Credit card company Visa (NYSE:V) released its quarterly earnings report on Thursday. Net revenue of $7.9 billion for the period ending Dec. 31, 2022 was up 12% from the prior-year period. On a constant-dollar basis (i.e. excluding the impact of foreign exchange), The growth rate would have been 15%. Net income of $4.2 billion also rose by 6% during the period. On per-share basis, its adjusted earnings of $2.18 came in well above analyst estimates of $2.01. The company says it benefitted from "stable payments volume" and a resurgence in cross-border travel, which led to a strong quarter for the business. And those are trends that aren't likely to subside anytime soon as things return to normal.

Visa's business may continue to do well even if a recession hits this year as it could mean more cash-strapped consumers dipping into credit to pay for their purchases. That's one of the reasons this may be a top stock to own this year. Shares of Visa have been off to a strong start to the year and are up around 8% since the beginning of January – that's better than the S&P 500's gains of 6% thus far.

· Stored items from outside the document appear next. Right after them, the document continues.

(* Let $\pi=\sigma_0,\sigma_1,\dots,\sigma_t=\tau$ be permutations in $S_n$ such that for each $0\le m<t$, $\sigma_{m+1}$ is obtained from $\sigma_m$ by exchanging two entries in adjacent positions $p,p+1$. Say that such a step puts the pair in decreasing order if the entry in position $p$ is smaller than the entry in position $p+1$ in $\sigma_m$ (so it is larger in $\sigma_{m+1}$), and in increasing order otherwise. Suppose $s$ of the steps put the pair in decreasing order and $r$ in increasing order, so $r+s=t$. Let $\lambda=\lambda(\pi)$, $\mu=\lambda(\tau)$ (parts padded with zeros). Then for every $1\le j\le n$, \[\sum_{i=1}^j\mu_i-r\le\sum_{i=1}^j\lambda_i\le\sum_{i=1}^j\mu_i+s.\]
   Context: Permutations are written in one-line notation. For $\pi\in S_n$, $\lambda(\pi)$ denotes the shape of the tableaux associated with $\pi$ by the RSK correspondence. *)

theory Defs
  imports Main
begin

definition is_perm :: "nat \<Rightarrow> nat list \<Rightarrow> bool" where
  "is_perm n xs \<longleftrightarrow> length xs = n \<and> distinct xs \<and> set xs = {1..n}"

text \<open>Schensted row insertion of x into a tableau (list of rows, top row first):
  x bumps the leftmost entry of the row that is larger than x, which is then
  inserted into the next row; if no entry is larger, x is appended to the row.\<close>
fun row_insert :: "nat list list \<Rightarrow> nat \<Rightarrow> nat list list" where
  "row_insert [] x = [[x]]"
| "row_insert (r # rs) x =
     (let a = takeWhile (\<lambda>y. y \<le> x) r; b = dropWhile (\<lambda>y. y \<le> x) r in
      if b = [] then (r @ [x]) # rs
      else (a @ x # tl b) # row_insert rs (hd b))"

definition rsk_P :: "nat list \<Rightarrow> nat list list" where
  "rsk_P w = foldl row_insert [] w"

definition rsk_shape :: "nat list \<Rightarrow> nat list" where
  "rsk_shape w = map length (rsk_P w)"

text \<open>i-th part (0-indexed) of a partition, padded with zeros.\<close>
definition part :: "nat list \<Rightarrow> nat \<Rightarrow> nat" where
  "part lam i = (if i < length lam then lam ! i else 0)"

definition adj_swap :: "nat list \<Rightarrow> nat \<Rightarrow> nat list" where
  "adj_swap xs p = xs[p := xs ! Suc p, Suc p := xs ! p]"

end

theory Submission
  imports Defs
begin

text \<open>For a word \<open>w\<close> with distinct entries, let \<open>G\<^sub>k(w)\<close> be the largest number of entries covered by
  \<open>k\<close> increasing subsequences. By Greene's theorem \<open>G\<^sub>k(w) = \<lambda>\<^sub>1 + \<dots> + \<lambda>\<^sub>k\<close> for \<open>\<lambda> = \<lambda>(w)\<close>:
  \<open>G\<^sub>k\<close> is invariant under Knuth moves, because a cover can be rearranged so that it never uses both
  letters of the transposed pair; row insertion acts on reading words by Knuth moves, so \<open>w\<close> is Knuth
  equivalent to the reading word of its insertion tableau; and for the reading word of a tableau the
  first \<open>k\<close> rows are an optimal cover, since an increasing subsequence meets each column at most once.

  An adjacent transposition turning an ascent \<open>a b\<close> into the descent \<open>b a\<close> only changes the relative
  order of \<open>a\<close> and \<open>b\<close>. So every cover of the new word is a cover of the old one, and every cover of
  the old word becomes one of the new word after deleting \<open>a\<close>: the step lowers \<open>G\<^sub>k\<close> by at most one
  and never raises it, and the reverse step raises it by at most one and never lowers it. Summing over
  the steps gives the bounds.\<close>

section \<open>Increasing subsequences and Greene's invariant\<close>

fun position :: "nat list \<Rightarrow> nat \<Rightarrow> nat" where
  "position [] x = 0"
| "position (y # ys) x = (if y = x then 0 else Suc (position ys x))"

lemma position_append:
  "position (u @ v) x = (if x \<in> set u then position u x else length u + position v x)"
  by (induction u) auto

lemma position_less_length: "x \<in> set w \<Longrightarrow> position w x < length w"
  by (induction w) auto

lemma nth_position [simp]: "x \<in> set w \<Longrightarrow> w ! position w x = x"
  by (induction w) auto

lemma position_eq_iff: "x \<in> set w \<Longrightarrow> y \<in> set w \<Longrightarrow> position w x = position w y \<longleftrightarrow> x = y"
  by (metis nth_position)

definition increasing_in :: "nat list \<Rightarrow> nat set \<Rightarrow> bool" where
  "increasing_in w C \<longleftrightarrow> C \<subseteq> set w \<and> (\<forall>x\<in>C. \<forall>y\<in>C. x < y \<longrightarrow> position w x < position w y)"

Trading at a multiple of 32 times earnings, Visa isn't a terribly cheap buy but it is trading below the 36 times earnings it has averaged over the past five years. With a strong profit margin of more than 50%, Visa's business has plenty of room to withstand inflationary pressures and economic headwinds this year.

For long-term investors, this is an easy stock to justify holding as Visa's business is likely to grow along with the economy.